We view our current assumptions and results as a step towards providing rigorous proofs for understanding benign overfitting in attention models. Investigating whether these conditions can be relaxed while preserving the phenomenon would be a valuable direction for future work.
Got it - thanks. It would be interesting to see how this work develops. Raising my score from a 4 to a 5.
This paper studies benign overfitting in a single-head softmax attention model.
The reviewers appreciate the strengths of the paper: (pRmd) solid theoretical analysis, new perspectives on the conditions, empirical results confirming theoretical predictions, (wMV9) addresses a relatively under explored setting (attention-based models), aligns with growing interest in Transformers, (Ta2Q) well-written, clearly stated assumptions, originality is good, technically solid, (zipP) rigorous theoretical analysis verified by the experiments, clear writing, well-structured (assumptions and theorem).

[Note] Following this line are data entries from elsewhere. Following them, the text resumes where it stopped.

(* Let $\Omega\subset\mathbb{R}^n$ be a bounded open set and let $u$ be a viscosity subsolution of $\frac{\Delta_\infty u}{|Du|^2}=1$ in $\Omega$. Then there does not exist a nonempty open set $V\subset\Omega$ such that $u$ is constant on $V$.
   Context: $\Delta_\infty u=\sum_{i,j=1}^n u_{x_i}u_{x_j}u_{x_ix_j}$. $u$ is a viscosity subsolution of $\frac{\Delta_\infty u}{|Du|^2}=1$ in $\Omega$ if $u$ is upper semicontinuous and whenever $\phi\in C^2(\Omega)$ and $u-\phi$ has a local maximum at $x\in\Omega$, then $\frac{\Delta_\infty\phi(x)}{|D\phi(x)|^2}\ge 1$ if $D\phi(x)\neq0$, and $\max_{|p|=1}p\cdot D^2\phi(x)\,p\ge1$ if $D\phi(x)=0$. *)

theory Defs
  imports "HOL-Analysis.Analysis"
begin

definition usc_on :: "('a::topological_space) set \<Rightarrow> ('a \<Rightarrow> real) \<Rightarrow> bool" where
  "usc_on \<Omega> u \<longleftrightarrow> (\<forall>x\<in>\<Omega>. \<forall>t. u x < t \<longrightarrow> eventually (\<lambda>y. u y < t) (at x within \<Omega>))"

definition C2_with :: "(real^'n) set \<Rightarrow> (real^'n \<Rightarrow> real) \<Rightarrow> (real^'n \<Rightarrow> real^'n)
    \<Rightarrow> (real^'n \<Rightarrow> real^'n^'n) \<Rightarrow> bool" where
  "C2_with \<Omega> phi Dphi D2phi \<longleftrightarrow>
     (\<forall>x\<in>\<Omega>. (phi has_derivative (\<lambda>h. Dphi x \<bullet> h)) (at x)) \<and>
     (\<forall>x\<in>\<Omega>. (Dphi has_derivative (\<lambda>h. D2phi x *v h)) (at x)) \<and>
     continuous_on \<Omega> D2phi"

definition inf_lap :: "real^'n \<Rightarrow> real^'n^'n \<Rightarrow> real" where
  "inf_lap p M = (\<Sum>i\<in>UNIV. \<Sum>j\<in>UNIV. p$i * p$j * M$i$j)"

definition local_max_at :: "(real^'n) set \<Rightarrow> (real^'n \<Rightarrow> real) \<Rightarrow> real^'n \<Rightarrow> bool" where
  "local_max_at \<Omega> f x \<longleftrightarrow> (\<exists>e>0. \<forall>y\<in>\<Omega> \<inter> ball x e. f y \<le> f x)"

definition visc_sub :: "(real^'n) set \<Rightarrow> (real^'n \<Rightarrow> real) \<Rightarrow> bool" where
  "visc_sub \<Omega> u \<longleftrightarrow> usc_on \<Omega> u \<and>
     (\<forall>phi Dphi D2phi x. C2_with \<Omega> phi Dphi D2phi \<and> x \<in> \<Omega> \<and>
        local_max_at \<Omega> (\<lambda>y. u y - phi y) x \<longrightarrow>
        (if Dphi x \<noteq> 0 then inf_lap (Dphi x) (D2phi x) / (norm (Dphi x))\<^sup>2 \<ge> 1
         else (SUP p\<in>sphere 0 1. p \<bullet> (D2phi x *v p)) \<ge> 1))"

end

theory Submission
  imports Defs
begin

text \<open>If u were constant, equal to c, on a nonempty open V \<subseteq> \<Omega>, then the constant
  function c would touch u from above at every point of V. Its gradient vanishes, so the
  degenerate case of the definition applies, and there the zero Hessian would have to
  satisfy 0 \<ge> 1.\<close>

lemma C2_with_const: "C2_with \<Omega> (\<lambda>_. c) (\<lambda>_. 0) (\<lambda>_. 0)"
proof -
  have gradient: "(\<lambda>h. (0::real^'n) \<bullet> h) = (\<lambda>h. 0)"
    by simp
  have hessian: "(\<lambda>h. (0::real^'n^'n) *v h) = (\<lambda>h. 0)"
    by (rule ext) (simp add: matrix_vector_mult_def vec_eq_iff)
  show ?thesis
    unfolding C2_with_def gradient hessian by simp
qed

lemma local_max_at_minus_const:
  assumes "e > 0" and "\<forall>y\<in>ball x e. u y = c"
  shows "local_max_at \<Omega> (\<lambda>y. u y - c) x"
  unfolding local_max_at_def using assms by (intro exI[of _ e]) auto

lemma visc_sub_not_local_max_minus_const:
  assumes "visc_sub \<Omega> u" and "x \<in> \<Omega>"
  shows "\<not> local_max_at \<Omega> (\<lambda>y. u y - c) x"
proof
  assume "local_max_at \<Omega> (\<lambda>y. u y - c) x"
  with assms C2_with_const[of \<Omega> c]
  have "(SUP p\<in>sphere 0 1. p \<bullet> ((0::real^'n^'n) *v p)) \<ge> 1"
    unfolding visc_sub_def by fastforce
  moreover have "sphere (0::real^'n) 1 \<noteq> {}"
    by (simp add: sphere_eq_empty)
  ultimately show False
    by simp
qed

theorem lemma2p3:
  fixes \<Omega> :: "(real^'n) set" and u :: "real^'n \<Rightarrow> real"
  assumes "open \<Omega>" and "bounded \<Omega>" and "visc_sub \<Omega> u"
  shows "\<not> (\<exists>V. open V \<and> V \<noteq> {} \<and> V \<subseteq> \<Omega> \<and> (\<exists>c. \<forall>y\<in>V. u y = c))"
proof
  assume "\<exists>V. open V \<and> V \<noteq> {} \<and> V \<subseteq> \<Omega> \<and> (\<exists>c. \<forall>y\<in>V. u y = c)"
  then obtain V c x where "open V" "V \<subseteq> \<Omega>" "\<forall>y\<in>V. u y = c" "x \<in> V"
    by blast
  moreover from \<open>open V\<close> \<open>x \<in> V\<close> obtain e where "e > 0" "ball x e \<subseteq> V"
    using open_contains_ball by blast
  ultimately have "local_max_at \<Omega> (\<lambda>y. u y - c) x" and "x \<in> \<Omega>"
    using local_max_at_minus_const[of e x u c \<Omega>] by auto
  with visc_sub_not_local_max_minus_const[OF assms(3)] show False
    by blast
qed

end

The reviewers also find the weaknesses of the paper: (pRmd) specific data distribution, (wMV9) theoretical results for GD stop after just two iterations, no convergence analysis or connection to the max-margin solution, (binary signal/noise settings) limiting the richness of attention interaction (Ta2Q) weak significance (binary signal/noise settings), (zipP) oversimplified assumption, lack of training dynamics, not novel.
After the discussion, many concerns seem resolved and clarified (e.g, experiment on MNIST/CIFAR; relaxed assumption on ), and the reviewers agreed upon accepting the paper as it is a good early step despite the limited setting and assumptions.